Last night, on the heels of great news, a friend suggested that we go to the boardwalk to take pictures. My first reaction was no way, no how, not in this lifetime. The lake and its peaceful boardwalk was OUR favourite place. We spent many hours walking around the lake and sat through many lunches together at its picnic tables and had the greatest conversations from the heart on those benches. How can I go back there?
Breathe I reminded myself. In that moment, I yearned for what the lake has always offered me, peace. I got busy ... camera is charged - check. Disk is empty - check. Coffee brewed - check. Smile on my face - check. We have a launch.
Driving out to the lake, I shared with my friend that this would be my first visit to the lake since Bill's death. He suggests that we take a few tissues. I smile. Peace settles in my heart. The lights on the water, the muffled sound of traffic and the cool breeze on my face renewed something in me.

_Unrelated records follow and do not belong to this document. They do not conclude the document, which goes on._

lemma psi_eq_psi_i_plus_psi_rest:
  fixes E :: "'v::finite set set"
  assumes edges: "\<forall>e\<in>E. card e = 2"
  shows "psi d E p = psi_i d E i p + psi_rest d E i p"
proof -
  have incident: "E \<inter> {e. i \<in> e} = (\<lambda>j. {i,j}) ` nbrs E i"
  proof
    show "E \<inter> {e. i \<in> e} \<subseteq> (\<lambda>j. {i,j}) ` nbrs E i"
    proof
      fix e assume e: "e \<in> E \<inter> {e. i \<in> e}"
      then have "card e = 2"
        using edges by blast
      then obtain a c where "e = {a,c}"
        unfolding card_2_iff by blast
      moreover have "i = a \<or> i = c"
        using e \<open>e = {a,c}\<close> by auto
      ultimately obtain j where "e = {i,j}"
        by (metis insert_commute)
      with e show "e \<in> (\<lambda>j. {i,j}) ` nbrs E i"
        by (auto simp: nbrs_def)
    qed
  qed (auto simp: nbrs_def)
  have "inj_on (\<lambda>j. {i,j}) (nbrs E i)"
    by (auto simp: inj_on_def doubleton_eq_iff)
  then have "(\<Sum>e\<in>E \<inter> {e. i \<in> e}. edge_term d p e) = (\<Sum>j\<in>nbrs E i. edge_term d p {i,j})"
    unfolding incident by (rule sum.reindex[unfolded comp_def])
  also have "\<dots> = (\<Sum>j\<in>nbrs E i. ((norm (p$j - p$i))^2 - (d {i,j})^2)^2)"
  proof (rule sum.cong[OF refl])
    fix j assume "j \<in> nbrs E i"
    then have "i \<noteq> j" using edges by (auto simp: nbrs_def)
    then show "edge_term d p {i,j} = ((norm (p$j - p$i))^2 - (d {i,j})^2)^2"
      by (rule edge_term_doubleton)
  qed
  finally have "(\<Sum>e\<in>E \<inter> {e. i \<in> e}. edge_term d p e) = 4 * psi_i d E i p"
    by (simp add: psi_i_def nbrs_def)
  moreover have "(\<Sum>e\<in>E. edge_term d p e)
      = (\<Sum>e\<in>E \<inter> {e. i \<in> e}. edge_term d p e) + (\<Sum>e\<in>E - {e. i \<in> e}. edge_term d p e)"
    by (rule sum.Int_Diff) simp
  ultimately show ?thesis
    by (simp add: psi_def psi_rest_def)
qed

lemma psi_rest_differentiable:
  fixes E :: "'v::finite set set" and p :: "real^'n::finite^'v"
  assumes edges: "\<forall>e\<in>E. card e = 2"
  shows "psi_rest d E i differentiable (at p)"
proof -
  have "(\<lambda>q. edge_term d q e) differentiable (at p)" if "e \<in> E" for e
  proof -
    obtain a c where ac: "a \<noteq> c" "e = {a,c}"
      using edges \<open>e \<in> E\<close> unfolding card_2_iff by blast
    then have "(\<lambda>q. edge_term d q e) = (\<lambda>q::real^'n^'v. (edge_vec a c q \<bullet> edge_vec a c q - (d e)^2)^2)"
      by (simp add: edge_term_doubleton fun_eq_iff edge_vec_def power2_norm_eq_inner)
    then show ?thesis
      by (simp only:) (rule differentiableI[OF has_derivative_power[OF has_derivative_diff[OF
            has_derivative_inner[OF has_derivative_edge_vec has_derivative_edge_vec] has_derivative_const]]])
  qed
  then show ?thesis
    unfolding psi_rest_def[abs_def] by (intro differentiable_mult differentiable_const differentiable_sum) auto
qed

lemma psi_rest_translate_vertex:
  fixes E :: "'v::finite set set"
  assumes edges: "\<forall>e\<in>E. card e = 2"
  shows "psi_rest d E i (p + t *\<^sub>R Bfield b i k) = psi_rest d E i p"
  unfolding psi_rest_def
proof (intro arg_cong[where f="\<lambda>x. 1/4 * x"] sum.cong[OF refl])
  fix e assume e: "e \<in> E - {e. i \<in> e}"
  then obtain a c where "a \<noteq> c" "e = {a,c}"
    using edges unfolding card_2_iff by blast
  moreover have "a \<noteq> i" "c \<noteq> i" using e \<open>e = {a,c}\<close> by auto
  ultimately show "edge_term d (p + t *\<^sub>R Bfield b i k) e = edge_term d p e"
    by (simp add: edge_term_doubleton Bfield_def)
qed

lemma psi_i'_Bfield:
  assumes "i \<notin> nbrs E i"
  shows "psi_i' d E i p (Bfield b i k) = psi_i_along d E i (b i k) p"
proof -
  have "edge_vec i j (Bfield b i k) = - b i k" if "j \<in> nbrs E i" for j
    using that assms by (auto simp: edge_vec_def Bfield_def)
  then show ?thesis
    by (simp add: psi_i'_def psi_i_along_def sum_negf[symmetric])
qed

We walked the trail to the boardwalk and I am reminded that it is not the first year ... but the first of everything.
How lovely, Ginette, "This is not the first year. . .but he first of everything. What an eye for beauty in the ordinary you have. Love that boardwalk picture with the light shining through. Keep on being brave and doing those firsts of everything.
ReplyDeleteP. S. What I meant to say is that the boardwalk picture makes me think of "into the light."